Witchfinder: The Reign of Darkness

Witchfinder: The Reign of Darkness
Witchfinder The Reign of Darkness review
  • North American Publisher / ISBN: Dark Horse - 978-1-50671-406-6
  • Release date: 2020
  • UPC: 9781506714066
  • Contains adult content?: no
  • Does this pass the Bechdel test?: yes
  • Positive minority portrayal?: no

Given that Sir Edward Grey is an investigator of the supernatural in late Victorian England, is it too obvious that he should turn his eye to the exploits of Jack the Ripper? Well that would depend on how good The Reign of Darkness turns out to be.

Mike Mignola and Chris Roberson’s plot has Grey deducing early that there’s a form of ritual to Jack the Ripper’s murders, and he takes his cue from there, discovering an old enemy is back in London. Because Grey’s character is so stiff and dry, sympathy for him is limited, and that’s addressed to a degree when he’s confronted with the truth that his interest in the killings is purely intellectual, and he cares nothing for the women victims. We also see the well-off Grey telling beggars “Go away. I have important business to attend to”.

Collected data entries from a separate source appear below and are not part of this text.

lemma Bfun_ge_1:
  assumes "\<forall>j<n. 0 \<le> ptil j" and "\<forall>j<n. 0 \<le> xilo j \<and> xilo j \<le> xihi j"
    and "\<forall>j<n. 0 \<le> x j" and "PR n phat ptil xilo xihi x < \<infinity>"
  shows "1 \<le> Bfun n phat ptil xilo xihi x"
proof -
  have "phat \<in> angle_box n phat ptil" using assms(1) by (auto simp: angle_box_def)
  note bound = phasor_bound_of_PR[OF assms(2-4) this]
  let ?S = "oneRx n xilo x" and ?r = "cmod (phasor n (\<lambda>j. x j * xilo j) phat)"
  have "0 < ?S\<^sup>2 - ?r\<^sup>2" using bound(1) by (simp add: power_strict_mono)
  moreover have "?S\<^sup>2 - ?r\<^sup>2 \<le> ?S\<^sup>2" by simp
  ultimately have "?S\<^sup>2 - ?r\<^sup>2 \<le> Bfun n phat ptil xilo xihi x * (?S\<^sup>2 - ?r\<^sup>2)"
    using bound(2) by linarith
  then show ?thesis using \<open>0 < ?S\<^sup>2 - ?r\<^sup>2\<close> by (simp add: mult_le_cancel_right1)
qed

lemma hvec_attained:
  assumes "0 \<le> ptil j"
  obtains e where "\<bar>e\<bar> \<le> 2 * ptil j" and "hvec phat ptil M m j = cos (2 * phat j - theta M m + e)"
proof -
  let ?f = "\<lambda>e. cos (2 * phat j - theta M m + e)"
  have box: "{e. \<bar>e\<bar> \<le> 2 * ptil j} = {-2 * ptil j .. 2 * ptil j}" by auto
  have "\<exists>e\<in>{-2 * ptil j .. 2 * ptil j}. \<forall>y\<in>{-2 * ptil j .. 2 * ptil j}. ?f y \<le> ?f e"
    using assms by (intro continuous_attains_sup) (auto intro!: continuous_intros)
  then obtain e where e: "e \<in> {-2 * ptil j .. 2 * ptil j}"
    and max: "\<forall>y\<in>{-2 * ptil j .. 2 * ptil j}. ?f y \<le> ?f e"
    by blast
  have "hvec phat ptil M m j = ?f e"
    unfolding hvec_def box using e max by (intro cSup_eq_maximum) auto
  with e show thesis by (intro that) auto
qed

lemma wRx_hvec_eq_Re_phasor:
  assumes "\<forall>j<n. 0 \<le> ptil j"
  shows "\<exists>\<phi>\<in>angle_box n phat ptil.
           wRx n (hvec phat ptil M m) xilo x = Re (cis (- theta M m) * phasor n (\<lambda>j. x j * xilo j) \<phi>)"
proof -
  have "\<forall>j\<in>{..<n}. \<exists>e. \<bar>e\<bar> \<le> 2 * ptil j \<and> hvec phat ptil M m j = cos (2 * phat j - theta M m + e)"
    using hvec_attained assms by (metis lessThan_iff)
  then obtain e where e: "\<And>j. j < n \<Longrightarrow>
      \<bar>e j\<bar> \<le> 2 * ptil j \<and> hvec phat ptil M m j = cos (2 * phat j - theta M m + e j)"
    using bchoice by (metis lessThan_iff)
  define \<phi> where "\<phi> j = phat j + e j / 2" for j
  have "\<phi> \<in> angle_box n phat ptil" unfolding angle_box_def \<phi>_def using e by force
  moreover have "wRx n (hvec phat ptil M m) xilo x = Re (cis (- theta M m) * phasor n (\<lambda>j. x j * xilo j) \<phi>)"
    unfolding wRx_def phasor_def sum_distrib_left Re_sum
  proof (intro sum.cong refl)
    fix j assume "j \<in> {..<n}"
    then have "hvec phat ptil M m j = cos (2 * \<phi> j - theta M m)"
      using e unfolding \<phi>_def by (simp add: algebra_simps)
    moreover have "Re (cis (- theta M m) * (complex_of_real (x j * xilo j) * cis (2 * \<phi> j)))
        = x j * xilo j * cos (2 * \<phi> j - theta M m)"
      by (simp add: cis_mult[symmetric] mult.left_commute cos_diff) (simp add: algebra_simps)
    ultimately show "hvec phat ptil M m j * xilo j * x j
        = Re (cis (- theta M m) * (complex_of_real (x j * xilo j) * cis (2 * \<phi> j)))"
      by simp
  qed
  ultimately show ?thesis by blast
qed

lemma wRx_hvec_bound:
  fixes M m :: nat
  assumes "\<forall>j<n. 0 \<le> ptil j" and "\<forall>j<n. 0 \<le> xilo j \<and> xilo j \<le> xihi j"
    and "\<forall>j<n. 0 \<le> x j" and "PR n phat ptil xilo xihi x < \<infinity>"
  defines "S \<equiv> oneRx n xilo x" and "h \<equiv> wRx n (hvec phat ptil M m) xilo x"
  shows "h\<^sup>2 < S\<^sup>2 \<and> S\<^sup>2 \<le> Bfun n phat ptil xilo xihi x * (S\<^sup>2 - h\<^sup>2)"
proof -
  obtain \<phi> where \<phi>: "\<phi> \<in> angle_box n phat ptil"
    and h: "h = Re (cis (- theta M m) * phasor n (\<lambda>j. x j * xilo j) \<phi>)"
    using wRx_hvec_eq_Re_phasor[OF assms(1)] unfolding h_def by blast
  let ?r = "cmod (phasor n (\<lambda>j. x j * xilo j) \<phi>)"
  note bound = phasor_bound_of_PR[OF assms(2-4) \<phi>, folded S_def]
  have "\<bar>h\<bar> \<le> ?r"
    using abs_Re_le_cmod[of "cis (- theta M m) * phasor n (\<lambda>j. x j * xilo j) \<phi>"]
    unfolding h by (simp add: norm_mult)
  then have hr: "h\<^sup>2 \<le> ?r\<^sup>2" using power_mono[of "\<bar>h\<bar>" ?r 2] by simp
  have "?r\<^sup>2 < S\<^sup>2" using bound(1) by (simp add: power_strict_mono)
  moreover have "0 \<le> Bfun n phat ptil xilo xihi x"
    using Bfun_ge_1[OF assms(1-4)] by simp
  then have "Bfun n phat ptil xilo xihi x * (S\<^sup>2 - ?r\<^sup>2) \<le> Bfun n phat ptil xilo xihi x * (S\<^sup>2 - h\<^sup>2)"
    using hr by (intro mult_left_mono) auto
  ultimately show ?thesis using bound(2) hr by linarith
qed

He’s shone when drawing other horror titles, not least Steve Niles’ Criminal Macabre, so Christopher Mitten brings a storytelling confidence with him. He convinces with the 19th century period detail, be it the slums in the opening chapter, the later opulence or the carriage seen on the sample page. His snowy conditions are glorious, and it’s also noticeable that Mitten has Grey moving a lot more than previous artists have. He’s not instantly transformed him into a man of action, but there’s an energy other artists haven’t provided. Mitten is also great once the full horror arrives. Even on series where there has never been a problem with the art, Mitten’s is a notable contribution.

Considering Witchfinder has been such a variable series, the story surprises. There’s a good cameo for Panya, who Grey has consulted before, and a clever sowing of doubt via the suggestion that Grey’s single-mindedness is wrong, as all other events contradict his instinctive certainty. Readers aware of the assorted people suspected of being Jack the Ripper are given some extra clues, but in The Reign of Darkness Mignola and Roberson lead everyone, Grey included a merry chase. It’s convenient that two characters seen in The Gates of Heaven stick around just long enough to prod Grey into the investigation, but the writers introduce a capable new personality, one unafraid to confront Grey, and she looks to be around for the long term. It’s a good thing. Every Holmes needs a Watson. Ultimately the Jack the Ripper connection is just a red herring, so don’t expect Witchfinder vs Saucy Jack. Mignola and Roberson use the circumstances to build their own story, and it’s the best both have been involved with to date.